I remember sitting through a funeral ceremony at the mosque for a relative of one of the mosque attendees some time back. The prayer leader’s remarks included the familiar reminders on the transience of life and the need for conscientiousness about death’s imminence. However much funerals are moments to honor the life and memory of someone close while grappling with our own finitude, they are also critical moments for us to learn how to cope with grief. The imam slowly concluded his speech by offering a few words of advice on how to deal with trialsome periods like death. He mentioned reading the Qur’an after every prayer, and adding, “if a misfortune befalls you, remember the pains of the family of the Prophet”.

This is an oft-quoted line in different Shi’i Muslim majālis. I remember pausing on hearing the advice, having the persona of Imam Hussayn (a) conjure in my mind.

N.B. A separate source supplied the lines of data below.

section \<open>Draining the channels off \<open>\<beta>\<close>\<close>

lemma ex_enabled_max_rank:
  fixes rank :: "'n \<Rightarrow> nat"
  assumes prot: "cfsm_protocol P" and steps: "steps_from P g \<Gamma>" "\<Gamma> \<noteq> []"
  obtains h s a s' rest where "image_trans P h g \<Gamma> = (s, a, s') # rest" "enabled P g a"
    "\<And>i s a s' rest. i \<in> nodes P \<Longrightarrow> rank h < rank i \<Longrightarrow>
       image_trans P i g \<Gamma> = (s, a, s') # rest \<Longrightarrow> \<not> enabled P g a"
proof -
  define cand where
    "cand = {i \<in> nodes P. \<exists>s a s' rest. image_trans P i g \<Gamma> = (s, a, s') # rest \<and> enabled P g a}"
  obtain x gx \<Gamma>r where \<Gamma>: "\<Gamma> = (x, gx) # \<Gamma>r" using steps(2) by (metis list.exhaust prod.exhaust)
  then have x: "step P g x gx" using steps(1) by simp
  obtain j where "j \<in> nodes P" "x \<in> alphabet P j" using step_actor_exists[OF prot x] by blast
  then have "j \<in> cand" using step_enabled[OF x] \<Gamma> unfolding cand_def by auto
  moreover have "finite cand" using prot unfolding cand_def cfsm_protocol_def by auto
  ultimately obtain h where h: "h \<in> cand" "rank h = Max (rank ` cand)"
    using Max_in[of "rank ` cand"] by (metis empty_iff finite_imageI image_iff)
  have hmax: "rank i \<le> rank h" if "i \<in> cand" for i using h(2) \<open>finite cand\<close> that by simp
  from h(1) obtain s a s' rest where "image_trans P h g \<Gamma> = (s, a, s') # rest" "enabled P g a"
    unfolding cand_def by blast
  moreover have "\<not> enabled P g a'"
    if "i \<in> nodes P" "rank h < rank i" "image_trans P i g \<Gamma> = (t, a', t') # rest'" for i t a' t' rest'
    using hmax[of i] that unfolding cand_def by fastforce
  ultimately show ?thesis using that by blast
qed

definition load :: "('n, 'e, 'm, 's) cfsm \<Rightarrow> 'e \<Rightarrow> ('n, 'e, 'm, 's) gstate \<Rightarrow> nat" where
  "load P \<beta> g = (\<Sum>\<xi>\<in>edges P - {\<beta>}. length (snd g \<xi>))"

lemma load_eq_0_iff: "finite (edges P) \<Longrightarrow> load P \<beta> g = 0 \<longleftrightarrow> (\<forall>\<xi>\<in>edges P - {\<beta>}. snd g \<xi> = [])"
  by (simp add: load_def)

lemma load_update_excluded: "snd g' = (snd g)(\<beta> := w) \<Longrightarrow> load P \<beta> g' = load P \<beta> g"
  by (auto simp: load_def intro!: sum.cong)

lemma load_update_single:
  assumes "finite (edges P)" "load P \<beta> g = 0" "e \<in> edges P - {\<beta>}" "snd g' = (snd g)(e := w)"
  shows "load P \<beta> g' = length w"
proof -
  have "load P \<beta> g' = (\<Sum>\<xi>\<in>edges P - {\<beta>}. if \<xi> = e then length w else 0)"
    using assms(2,4) load_eq_0_iff[OF assms(1)] unfolding load_def by (intro sum.cong) auto
  also have "\<dots> = length w" using assms(1,3) by simp
  finally show ?thesis .
qed

locale ranked_protocol =
  fixes P :: "('n, 'e, 'm, 's) cfsm" and \<beta> :: 'e and rank :: "'n \<Rightarrow> nat"
  assumes protocol: "cfsm_protocol P"
    and inj_ehead: "inj_on (ehead P) (edges P)"
    and rank_increasing: "\<And>e. e \<in> edges P \<Longrightarrow> e \<noteq> \<beta> \<Longrightarrow> rank (etail P e) < rank (ehead P e)"
begin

Today, after having witnessed the burial of a beloved friend – i’ll need time and focus. But at the moment, i’ll find consolation in the serenity and innocence she lived and left behind. The kind of unwavering surrender, islam, to Love’s call that can, in her situation, only be miraculous. I see beauty.

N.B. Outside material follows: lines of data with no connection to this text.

lemma lowbit_exp_times_odd:
  assumes m: "m = 2^s * (2*j+1)"
  shows "lowbit m = 2^s"
proof -
  have "0 < m" using m by simp
  then have "- int m = NOT (int (m - 1))"
    by (simp add: not_eq_complement of_nat_diff)
  then have "int m AND - int m = 2^s"
    by (intro bit_eqI) (auto simp: bit_and_iff bit_not_iff bit_of_nat_iff_bit bit_exp_iff
        bit_exp_times_odd[OF m] bit_exp_times_odd_minus_1[OF m, simplified])
  then show ?thesis by (simp add: lowbit_def)
qed

definition gray :: "nat \<Rightarrow> nat" where
  "gray m = m XOR m div 2"

lemma bit_gray: "bit (gray m) i \<longleftrightarrow> bit m i \<noteq> bit m (Suc i)"
  by (simp add: gray_def bit_xor_iff bit_Suc)

lemma gray_exp_times_odd:
  assumes m: "m = 2^s * (2*j+1)"
  shows "gray m = gray (m - 1) XOR 2^s"
  by (rule bit_eqI) (auto simp: bit_gray bit_xor_iff bit_exp_iff
      bit_exp_times_odd[OF m] bit_exp_times_odd_minus_1[OF m, simplified])

lemma gray_0 [simp]: "gray 0 = 0"
  by (simp add: gray_def)

lemma gray_xor: "gray (a XOR b) = gray a XOR gray b"
  by (rule bit_eqI) (auto simp: bit_gray bit_xor_iff)

lemma gray_eq_0_iff: "gray c = 0 \<longleftrightarrow> c = 0"
proof
  assume "gray c = 0"
  then have "c XOR c div 2 = c XOR c" by (simp add: gray_def)
  then have "c div 2 = c" by (simp only: xor_left_cancel_iff)
  then show "c = 0" by linarith
qed simp

lemma inj_gray: "inj gray"
proof (rule injI)
  fix a b assume "gray a = gray b"
  then have "a XOR b = 0" by (simp add: gray_xor flip: gray_eq_0_iff)
  then show "a = b" using xor_left_cancel_iff[of a b a] by simp
qed

lemma gray_less_exp: "m < 2^k \<Longrightarrow> gray m < 2^k"
  unfolding gray_def by (rule xor_less_exp) auto

lemma gray_image_lessThan: "gray ` {..<2^k} = {..<2^k}"
proof -
  have "gray ` {..<2^k} \<subseteq> {..<2^k}" by (auto intro: gray_less_exp)
  moreover have "card (gray ` {..<2^k}) = card {..<(2::nat)^k}"
    by (rule card_image) (rule inj_on_subset[OF inj_gray], simp)
  ultimately show ?thesis by (simp add: card_subset_eq)
qed

lemma combo_Suc: "combo (Suc k) v y = combo k v y XOR (if bit y k then v (Suc k) else 0)"
proof -
  have foldr_acc: "foldr (\<lambda>t acc. c t XOR acc) ts a = foldr (\<lambda>t acc. c t XOR acc) ts 0 XOR a"
    for c :: "nat \<Rightarrow> nat" and ts a
    by (induction ts) (simp_all add: xor.assoc)
  have "[1..<Suc k + 1] = [1..<k+1] @ [Suc k]" by simp
  then show ?thesis
    unfolding combo_def by (simp only: foldr_append) (subst foldr_acc, simp)
qed

lemma combo_dim_0 [simp]: "combo 0 v y = 0"
  by (simp add: combo_def)

lemma combo_low_bits_0: "\<forall>i<k. \<not> bit y i \<Longrightarrow> combo k v y = 0"
  by (induction k) (simp_all add: combo_Suc)

lemma combo_0 [simp]: "combo k v 0 = 0"
  by (simp add: combo_low_bits_0)

lemma combo_xor: "combo k v (a XOR b) = combo k v a XOR combo k v b"
  by (induction k) (auto simp: combo_Suc bit_xor_iff ac_simps)

lemma combo_exp: "t \<in> {1..k} \<Longrightarrow> combo k v (2^(t-1)) = v t"
proof (induction k)
  case (Suc k)
  have "combo k v (2^k) = 0"
    by (rule combo_low_bits_0) (simp add: bit_exp_iff)
  with Suc show ?case by (cases "t = Suc k") (auto simp: combo_Suc bit_exp_iff)
qed simp

lemma combo_less_exp: "\<forall>t\<in>{1..k}. v t < 2^n \<Longrightarrow> combo k v y < 2^n"
  by (induction k) (auto simp: combo_Suc intro!: xor_less_exp)

lemma inj_on_combo: "lin_indep_F2 k v \<Longrightarrow> inj_on (combo k v) {..<2^k}"
  by (rule inj_onI)
    (metis lessThan_iff lin_indep_F2_def xor_less_exp combo_xor xor_self_eq xor_left_cancel_iff
      xor.right_neutral)

definition support :: "nat \<Rightarrow> nat \<Rightarrow> nat set" where
  "support k y = {t \<in> {1..k}. bit y (t - 1)}"

lemma sum_support: "(\<Sum>t=1..k. if bit y (t - 1) then f t else 0) = sum f (support k y)"
  unfolding support_def by (rule sum.inter_filter[symmetric]) simp

lemma support_0 [simp]: "support k 0 = {}"
  by (simp add: support_def)

lemma support_xor_exp:
  "t \<in> {1..k} \<Longrightarrow> \<not> bit y (t - 1) \<Longrightarrow> support k (y XOR 2^(t-1)) = insert t (support k y)"
  by (auto simp: support_def bit_xor_iff bit_exp_iff)

lemma bit_combo: "bit (combo k w y) b \<longleftrightarrow> odd (\<Sum>i\<in>support k y. of_bool (bit (w i) b) :: nat)"
proof -
  have "bit (combo k w y) b \<longleftrightarrow> odd (\<Sum>i=1..k. if bit y (i - 1) then of_bool (bit (w i) b) else 0 :: nat)"
    by (induction k) (simp_all add: combo_Suc bit_xor_iff)
  then show ?thesis by (simp only: sum_support)
qed

lemma bit_Bcol: "bit (Bcol k J t) b \<longleftrightarrow> b < k \<and> Bmat J (Suc b) t"
proof -
  have "Bcol k J t = horner_sum of_bool 2 (map (\<lambda>b. Bmat J (Suc b) t) [0..<k])"
    unfolding Bcol_def horner_sum_eq_sum
    by (rule sum.reindex_bij_witness[of _ Suc "\<lambda>i. i - 1"]) auto
  then show ?thesis by (auto simp: bit_horner_sum_bit_iff)
qed

lemma sum_Bmat_support_xor_exp:
  assumes "t \<in> {1..k}"
  shows "(\<Sum>i\<in>support k (y XOR 2^(t-1)). of_bool (Bmat J i t)) = (\<Sum>i\<in>support k y. of_bool (Bmat J i t) :: nat)"
  unfolding sum_support[symmetric] using assms
  by (intro sum.cong) (auto simp: bit_xor_iff bit_exp_iff Bmat_def simp del: sum_of_bool_eq)

definition phase_exponent :: "(nat \<Rightarrow> bool) \<Rightarrow> (nat \<Rightarrow> nat \<Rightarrow> bool) \<Rightarrow> nat set \<Rightarrow> nat" where
  "phase_exponent d J Y = (\<Sum>t\<in>Y. of_bool (d t)) + 2 * (\<Sum>i\<in>Y. \<Sum>j\<in>Y. of_bool (J i j))"

lemma phase_exponent_empty [simp]: "phase_exponent d J {} = 0"
  by (simp add: phase_exponent_def)

lemma phase_exponent_insert:
  assumes "finite Y" "t \<notin> Y" and upper: "\<forall>i\<in>insert t Y. \<forall>j\<in>insert t Y. j < i \<longrightarrow> \<not> J i j"
  shows "phase_exponent d J (insert t Y) = phase_exponent d J Y
    + of_bool (d t) + 2 * of_bool (J t t) + 2 * (\<Sum>i\<in>Y. of_bool (Bmat J i t))"
proof -
  have "of_bool (J t i) + of_bool (J i t) = (of_bool (Bmat J i t) :: nat)" if "i \<in> Y" for i
    using that assms(2) upper by (cases i t rule: linorder_cases) (auto simp: Bmat_def)
  then have cross: "(\<Sum>j\<in>Y. of_bool (J t j)) + (\<Sum>i\<in>Y. of_bool (J i t)) = (\<Sum>i\<in>Y. of_bool (Bmat J i t) :: nat)"
    by (simp add: sum.distrib[symmetric] del: sum_of_bool_eq)
  show ?thesis
    using assms(1,2)
    by (simp add: phase_exponent_def sum.distrib cross[symmetric] algebra_simps del: sum_of_bool_eq)
qed

lemma i_power_phase_exponent:
  "\<i> ^ phase_exponent d J (support k y) = \<i> ^ (\<Sum>t=1..k. of_bool (d t \<and> bit y (t - 1)))
     * (-1) ^ (\<Sum>i=1..k. \<Sum>j=1..k. of_bool (bit y (i - 1) \<and> J i j \<and> bit y (j - 1)))"
proof -
  have "(\<Sum>t=1..k. of_bool (d t \<and> bit y (t - 1))) = (\<Sum>t\<in>support k y. of_bool (d t) :: nat)"
    unfolding sum_support[symmetric] by (rule sum.cong) auto
  moreover have "(\<Sum>i=1..k. \<Sum>j=1..k. of_bool (bit y (i - 1) \<and> J i j \<and> bit y (j - 1)))
      = (\<Sum>i\<in>support k y. \<Sum>j\<in>support k y. of_bool (J i j) :: nat)"
    unfolding sum_support[symmetric] by (auto intro!: sum.cong simp del: sum_of_bool_eq)
  ultimately show ?thesis
    by (simp add: phase_exponent_def power_add power_mult)
qed

lemma int_add_two_times_mod_4: "(x + 2 * S) mod 4 = (x + 2 * of_bool (odd S)) mod (4::int)"
proof -
  have "x + 2 * S = (x + 2 * of_bool (odd S)) + 4 * (S div 2)"
    by (cases "even S") (auto elim!: evenE oddE)
  then show ?thesis by (simp only: mod_mult_self2)
qed

lemma mod_4_update_add:
  assumes "Q' = Q + a + 2 * S"
  shows "(Q mod 4 + a + 2 * of_bool (odd S)) mod 4 = Q' mod (4::int)"
proof -
  have "(Q mod 4 + a + 2 * of_bool (odd S)) mod 4 = (Q + (a + 2 * of_bool (odd S))) mod 4"
    unfolding add.assoc by (rule mod_add_left_eq)
  also have "\<dots> = (Q + a + 2 * S) mod 4"
    using int_add_two_times_mod_4[of "Q + a" S] by (simp add: add.assoc)
  finally show ?thesis by (simp add: assms)
qed

lemma mod_4_update_sub:
  assumes "Q' = Q + a + 2 * S"
  shows "(Q' mod 4 - a + 2 * of_bool (odd S)) mod 4 = Q mod (4::int)"
proof -
  have "(Q' mod 4 - a + 2 * of_bool (odd S)) mod 4 = (Q' mod 4 + (2 * of_bool (odd S) - a)) mod 4"
    by (simp add: algebra_simps)
  also have "\<dots> = (Q + 2 * of_bool (odd S) + 2 * S) mod 4"
    unfolding mod_add_left_eq by (simp add: assms algebra_simps)
  also have "\<dots> = (Q + 2 * of_bool (odd S) + 2 * of_bool (odd S)) mod 4"
    by (rule int_add_two_times_mod_4)
  finally show ?thesis by (cases "odd S") simp_all
qed

lemma i_power_mod_4: "\<i> ^ (n mod 4) = \<i> ^ n"
proof -
  have "\<i> ^ n = (\<i> ^ 4) ^ (n div 4) * \<i> ^ (n mod 4)"
    by (simp only: power_mult[symmetric] power_add[symmetric] mult_div_mod_eq)
  then show ?thesis by simp
qed

lemma nth_foldl_list_update:
  assumes "inj_on g (set ts)" "t \<in> set ts" "g t < length L"
  shows "foldl (\<lambda>A t. A[g t := F t]) L ts ! g t = F t"
  using assms
proof (induction ts rule: rev_induct)
  case (snoc b ts)
  have "length (foldl (\<lambda>A t. A[g t := F t]) L ts) = length L"
    by (induction ts arbitrary: L) simp_all
  with snoc show ?case by (cases "t = b") (auto simp: inj_on_def)
qed simp

lemma nth_foldl_update_exp:
  assumes "t \<in> {1..k}" "length L = 2^k"
  shows "foldl (\<lambda>A t. A[2^(t-1) := F t]) L [1..<k+1] ! (2^(t-1)) = F t"
proof (rule nth_foldl_list_update)
  show "inj_on (\<lambda>t. (2::nat)^(t-1)) (set [1..<k+1])" by (rule inj_onI) auto
qed (use assms in auto)

lemma tableA_nth: "t \<in> {1..k} \<Longrightarrow> tableA k d J ! (2^(t-1)) = (of_bool (d t) + 2 * of_bool (J t t)) mod 4"
  unfolding tableA_def by (rule nth_foldl_update_exp) simp_all

lemma tableV_nth: "t \<in> {1..k} \<Longrightarrow> tableV k v ! (2^(t-1)) = v t"
  unfolding tableV_def by (rule nth_foldl_update_exp) simp_all

lemma tableC_nth: "t \<in> {1..k} \<Longrightarrow> tableC k J ! (2^(t-1)) = Bcol k J t"
  unfolding tableC_def by (rule nth_foldl_update_exp) simp_all

context
  fixes n k h :: nat and v :: "nat \<Rightarrow> nat" and d :: "nat \<Rightarrow> bool"
    and J :: "nat \<Rightarrow> nat \<Rightarrow> bool" and \<gamma> :: complex
begin

definition loop_state :: "nat \<Rightarrow> complex list \<Rightarrow> state" where
  "loop_state y \<psi> = (y, h XOR combo k v y, combo k (Bcol k J) y,
     int (phase_exponent d J (support k y)) mod 4, \<psi>)"

definition amplitude :: "nat \<Rightarrow> complex" where
  "amplitude y = \<gamma> * \<i> ^ phase_exponent d J (support k y)"

definition amplitudes_on :: "nat set \<Rightarrow> complex list \<Rightarrow> bool" where
  "amplitudes_on Y \<psi> \<longleftrightarrow> length \<psi> = 2^n
     \<and> (\<forall>y\<in>Y. \<psi> ! (h XOR combo k v y) = amplitude y)
     \<and> (\<forall>x<2^n. x \<notin> (\<lambda>y. h XOR combo k v y) ` Y \<longrightarrow> \<psi> ! x = 0)"

context
  assumes h_less: "h < 2^n"
    and v_less: "\<forall>t\<in>{1..k}. v t < 2^n"
    and indep: "lin_indep_F2 k v"
    and upper: "\<forall>i\<in>{1..k}. \<forall>j\<in>{1..k}. j < i \<longrightarrow> \<not> J i j"
begin

lemma phase_exponent_xor_exp:
  assumes t: "t \<in> {1..k}" and "\<not> bit y (t - 1)"
  shows "phase_exponent d J (support k (y XOR 2^(t-1))) = phase_exponent d J (support k y)
    + of_bool (d t) + 2 * of_bool (J t t) + 2 * (\<Sum>i\<in>support k y. of_bool (Bmat J i t))"
proof -
  have sub: "support k y \<subseteq> {1..k}" by (auto simp: support_def)
  then have "finite (support k y)" by (rule finite_subset) simp
  moreover have "t \<notin> support k y" using assms by (simp add: support_def)
  moreover have "\<forall>i\<in>insert t (support k y). \<forall>j\<in>insert t (support k y). j < i \<longrightarrow> \<not> J i j"
    using t sub upper by blast
  ultimately show ?thesis
    unfolding support_xor_exp[OF assms] by (rule phase_exponent_insert)
qed

lemma phase_update_mod_4:
  fixes y :: nat
  assumes t: "t \<in> {1..k}"
  defines "q \<equiv> int (phase_exponent d J (support k y)) mod 4"
    and "a \<equiv> tableA k d J ! (2^(t-1))"
    and "p_bit \<equiv> combo k (Bcol k J) y AND 2^(t-1) \<noteq> 0"
  shows "(if y AND 2^(t-1) = 0 then (q + a + 2 * of_bool p_bit) mod 4 else (q - a + 2 * of_bool p_bit) mod 4)
    = int (phase_exponent d J (support k (y XOR 2^(t-1)))) mod 4"
proof -
  define S where "S = (\<Sum>i\<in>support k y. of_bool (Bmat J i t) :: nat)"
  have a: "a = of_bool (d t) + 2 * of_bool (J t t)"
    unfolding a_def tableA_nth[OF t] by simp
  have "bit (Bcol k J i) (t - 1) = Bmat J i t" for i
    using t by (auto simp: bit_Bcol Bmat_def)
  then have "p_bit \<longleftrightarrow> odd S"
    by (simp add: p_bit_def S_def and_exp_eq_0_iff_not_bit bit_combo del: sum_of_bool_eq)
  then have p: "of_bool p_bit = (of_bool (odd (int S)) :: int)" by simp
  show ?thesis
  proof (cases "bit y (t - 1)")
    case False
    have "int (phase_exponent d J (support k (y XOR 2^(t-1))))
        = int (phase_exponent d J (support k y)) + a + 2 * int S"
      unfolding phase_exponent_xor_exp[OF t False] by (simp add: a S_def ac_simps)
    then have "(q + a + 2 * of_bool p_bit) mod 4 = int (phase_exponent d J (support k (y XOR 2^(t-1)))) mod 4"
      unfolding q_def p by (rule mod_4_update_add)
    then show ?thesis using False by (simp add: and_exp_eq_0_iff_not_bit)
  next
    case True
    define y' where "y' = y XOR 2^(t-1)"
    have y: "y = y' XOR 2^(t-1)" by (simp add: y'_def xor.assoc)
    have "\<not> bit y' (t - 1)" using True by (simp add: y'_def bit_xor_iff bit_exp_iff)
    from phase_exponent_xor_exp[OF t this, folded y]
      sum_Bmat_support_xor_exp[OF t, where y=y' and J=J, folded y]
    have "int (phase_exponent d J (support k y)) = int (phase_exponent d J (support k y')) + a + 2 * int S"
      by (simp add: a S_def ac_simps)
    then have "(q - a + 2 * of_bool p_bit) mod 4 = int (phase_exponent d J (support k y')) mod 4"
      unfolding q_def p by (rule mod_4_update_sub)
    then show ?thesis using True by (simp add: and_exp_eq_0_iff_not_bit y'_def)
  qed
qed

Commemorating Muharram, contemplating a history that is scarred, but meaningful still, offers its consolation now. Translating beautiful elegies that are not meant as lamentation, but pleas for us to reform – also soothes. perhaps an odd word, but now, now, what’s slow and difficult in my soul finds comfort in remembering the sacrifices of the Prophet (saws), of Imam Hussayn (a), of Sayyida Zaynab (a). Individuals who don’t see anyone but God. Who break, who struggle… but beautifully. And more critically, willingly. Remembering the pain of the Prophet, of his family because their pain is for truth. It’s for God. It’s a cry against all those who think life has nothing to say, that existence is not beautiful.

I am blessed. Because I witnessed my friend’s struggle embody this. If only I keep remembering. If only I don’t make this about me, my weaknesses. If only, I keep calling her to my heart as she truly was, is.

Kullu man alaiha faan, illa wajhu rabbika dhul jalali wa-l-ikram.